You could organise one for yourself. Try the official WCA wiki for information on organising competitions.


----------



## Lucas Garron (Jan 28, 2010)

There isn't much activity in the Middle East, which means: Start it!
The reason there are competitions elsewhere is because people started cubing and holding competitions themselves. New countries like Thailand and Indonesia did this very successfully. There is no reason this can't happen in Jordan, but it needs to start with someone. To answer your question: There is no one responsible for this yet. But it could be you; you seem to care.

Bob's guide is a pretty good guide to running competitions, if you think you're up to it.

I have quite a few (distant) relatives in Jordan, so if anything happens, I'd love to hear about the progress.


----------



## doofesh (Jan 28, 2010)

*Thanks for the help*

Thanks, Ill see what I can do.


----------



## doofesh (Jan 28, 2010)

*I can't do it*

I've read the WCA Wiki page and the competitions page on cubewhiz.com, I found out that I can't do this on my own. I need help from others but no one is interested in making a competition.


----------



## cincyaviation (Jan 30, 2010)

doofesh said:


> I've read the WCA Wiki page and the competitions page on cubewhiz.com, I found out that I can't do this on my own. I need help from others but no one is interested in making a competition.


why can't you do it on your own?


----------



## Lord Voldemort (Jan 30, 2010)

Possibly a delegate?


----------



## doofesh (Jan 30, 2010)

1. I can't find any judges/Scramblers.
2. I can't get stackmats because each one costs around $20.
3. I can't do it on my own.
4. School starts in 2 days.


----------



## doofesh (Jan 30, 2010)

I contacted the WCA delegates numerous times but they never reply.


----------



## styre14 (Feb 8, 2010)

*aa*

Dodech i can help but i Am slow i solve it in average of 67sec my record is 61
and i live in Amman. So reply if my time is good enough so i could register in competitions.


----------



## Vincents (Feb 9, 2010)

Yeah, 67 second average is good considering the upper bound is 600 seconds...


----------



## doofesh (Feb 9, 2010)

styre14 said:


> Dodech i can help but i Am slow i solve it in average of 67sec my record is 61
> and i live in Amman. So reply if my time is good enough so i could register in competitions.
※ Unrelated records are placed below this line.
(* Consider the networked SIR model with isolation on an undirected graph with nodes $\{1,\dots,n\}$ and adjacency matrix $A=(a_{ij})$, with infection rates $\beta_i>0$, natural recovery rates $\delta_i>0$, and isolation times following phase-type distributions $(u_1,\Pi_i)$, $\Pi_i\in\mathbb R^{p\times p}$. Let $\Pi_i'=\Pi_i-\delta_iI_p$, $w_i'=-\Pi_i'\mathbf 1_p$, and let $J,B$ be the $n\times n$ diagonal matrices with $J_{ii}=S_i(0)$, $B_{ii}=\beta_i$. Let $\bar\lambda>0$ be given. If there exists an entrywise positive vector $v\in\mathbb R^{np}$ such that $$v^\top\Big(\bigoplus_{i=1}^n(\Pi_i')^\top+(JBA)\otimes(u_1\mathbf 1_p^\top)\Big)+\mathbf 1_n^\top\bigoplus_{i=1}^n(w_i')^\top<0\qquad\text{and}\qquad v^\top\tilde I(0)<\bar\lambda+\sigma_I(0),$$ then $\lambda<\bar\lambda$.
   Context: Phase-type distribution $(\phi,\Pi)$: the distribution of the absorption time of a continuous-time Markov process on states $1,\dots,p+1$ ($1,\dots,p$ transient, $p+1$ absorbing) with generator $\begin{bmatrix}\Pi&w\\0&0\end{bmatrix}$, $w=-\Pi\mathbf 1_p$, $\Pi$ an invertible Metzler matrix with nonpositive row sums, and initial distribution $(\phi,0)$. SIR model with isolation: each node $i$ is at each time in exactly one of the states susceptible, infected, removed, with $\{0,1\}$-indicators $S_i(t),I_i(t),R_i(t)$. A susceptible node $i$ becomes infected with instantaneous rate $\beta_i\sum_j a_{ij}I_j(t)$. Once node $i$ becomes infected, it is removed after a time $Z_i=\min(X_i,Y_i)$, where $X_i$ is exponential with rate $\delta_i$ (natural recovery), $Y_i$ (isolation/quarantine time) follows the phase-type distribution $(u_1,\Pi_i)$, and these are independent of each other and of the rest of the process; removed nodes stay removed. At time $0$ each node is either susceptible or infected (known). $\sigma_I(t),\sigma_R(t)$ are the numbers of infected and removed nodes at time $t$, and $\lambda=\lim_{t\to\infty}E[\sigma_R(t)]-\sigma_I(0)$. $\tilde I(0)\in\mathbb R^{np}$ is the stacked vector $[\tilde I_1(0)^\top,\dots,\tilde I_n(0)^\top]^\top$ with $\tilde I_i(0)=u_1$ if node $i$ is infected at time $0$ and $\tilde I_i(0)=0$ otherwise. $u_1$ is the first canonical basis vector of $\mathbb R^p$, $\mathbf 1_k$ the all-ones vector in $\mathbb R^k$, $\otimes$ the Kronecker product, and $\bigoplus_{i=1}^n M_i$ the block-diagonal matrix with diagonal blocks $M_1,\dots,M_n$. Vector inequalities are entrywise. *)

theory Defs
  imports Complex_Main
begin

text \<open>An m x k matrix is a function M :: nat => nat => real, read only on indices i < m, j < k.
  Vectors are functions nat => real. Indices start at 0.\<close>

definition mmul :: "nat \<Rightarrow> (nat \<Rightarrow> nat \<Rightarrow> real) \<Rightarrow> (nat \<Rightarrow> nat \<Rightarrow> real) \<Rightarrow> nat \<Rightarrow> nat \<Rightarrow> real" where
  "mmul m M N i j = (\<Sum>k<m. M i k * N k j)"

definition idm :: "nat \<Rightarrow> nat \<Rightarrow> real" where
  "idm i j = (if i = j then 1 else 0)"

definition diagm :: "(nat \<Rightarrow> real) \<Rightarrow> nat \<Rightarrow> nat \<Rightarrow> real" where
  "diagm d i j = (if i = j then d i else 0)"

definition transp :: "(nat \<Rightarrow> nat \<Rightarrow> real) \<Rightarrow> nat \<Rightarrow> nat \<Rightarrow> real" where
  "transp M i j = M j i"

definition kron :: "nat \<Rightarrow> nat \<Rightarrow> (nat \<Rightarrow> nat \<Rightarrow> real) \<Rightarrow> (nat \<Rightarrow> nat \<Rightarrow> real) \<Rightarrow> nat \<Rightarrow> nat \<Rightarrow> real" where
  "kron q r M N i j = M (i div q) (j div r) * N (i mod q) (j mod r)"

definition bdiag :: "nat \<Rightarrow> nat \<Rightarrow> (nat \<Rightarrow> nat \<Rightarrow> nat \<Rightarrow> real) \<Rightarrow> nat \<Rightarrow> nat \<Rightarrow> real" where
  "bdiag r c F i j = (if i div r = j div c then F (i div r) (i mod r) (j mod c) else 0)"

definition madd :: "(nat \<Rightarrow> nat \<Rightarrow> real) \<Rightarrow> (nat \<Rightarrow> nat \<Rightarrow> real) \<Rightarrow> nat \<Rightarrow> nat \<Rightarrow> real" where
  "madd M N i j = M i j + N i j"

definition vmul :: "nat \<Rightarrow> (nat \<Rightarrow> real) \<Rightarrow> (nat \<Rightarrow> nat \<Rightarrow> real) \<Rightarrow> nat \<Rightarrow> real" where
  "vmul m x M j = (\<Sum>i<m. x i * M i j)"

definition invertible_sq :: "nat \<Rightarrow> (nat \<Rightarrow> nat \<Rightarrow> real) \<Rightarrow> bool" where
  "invertible_sq m M \<longleftrightarrow> (\<exists>N. \<forall>i<m. \<forall>j<m. mmul m M N i j = idm i j \<and> mmul m N M i j = idm i j)"

definition metzler :: "nat \<Rightarrow> (nat \<Rightarrow> nat \<Rightarrow> real) \<Rightarrow> bool" where
  "metzler m M \<longleftrightarrow> (\<forall>i<m. \<forall>j<m. i \<noteq> j \<longrightarrow> M i j \<ge> 0)"

text \<open>First canonical basis vector u_1 (index 0) and the all-ones vector.\<close>
definition u1 :: "nat \<Rightarrow> real" where "u1 k = (if k = 0 then 1 else 0)"
definition ones :: "nat \<Rightarrow> real" where "ones k = 1"

text \<open>Local state of a node: susceptible, infected with the isolation clock in phase k
  (phases 0..p-1; phase 0 corresponds to u_1), removed.  Since the time to removal is
  min(X_i, Y_i) with X_i ~ Exp(delta_i) independent of the phase-type Y_i ~ (u_1, Pi_i),
  an infected node in phase k jumps to phase l (l ~= k) with rate Pi_i k l and to removed
  with rate delta_i + w_i k, w_i = - Pi_i 1.\<close>
datatype lstate = Sus | Inf nat | Rem

definition is_inf :: "lstate \<Rightarrow> bool" where
  "is_inf s = (case s of Inf _ \<Rightarrow> True | _ \<Rightarrow> False)"

definition states :: "nat \<Rightarrow> nat \<Rightarrow> (nat \<Rightarrow> lstate) set" where
  "states n p = {x. (\<forall>i<n. x i = Sus \<or> x i = Rem \<or> (\<exists>k<p. x i = Inf k)) \<and> (\<forall>i\<ge>n. x i = Sus)}"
Your speed is okay. I just want someone to help me in arranging a competition.


----------



## rami (Apr 5, 2010)

i live in amman and my record is 31 secs 

when you arrange the competition plz send me a message so i can register

thx


----------



## doofesh (Jan 16, 2012)

styre14 said:


> Dodech i can help but i Am slow i solve it in average of 67sec my record is 61
> and i live in Amman. So reply if my time is good enough so i could register in competitions.





rami said:


> i live in amman and my record is 31 secs
> 
> when you arrange the competition plz send me a message so i can register
> 
> thx



A competition has been arranged http://www.worldcubeassociation.org/results/c.php?i=JordanOpen2012


----------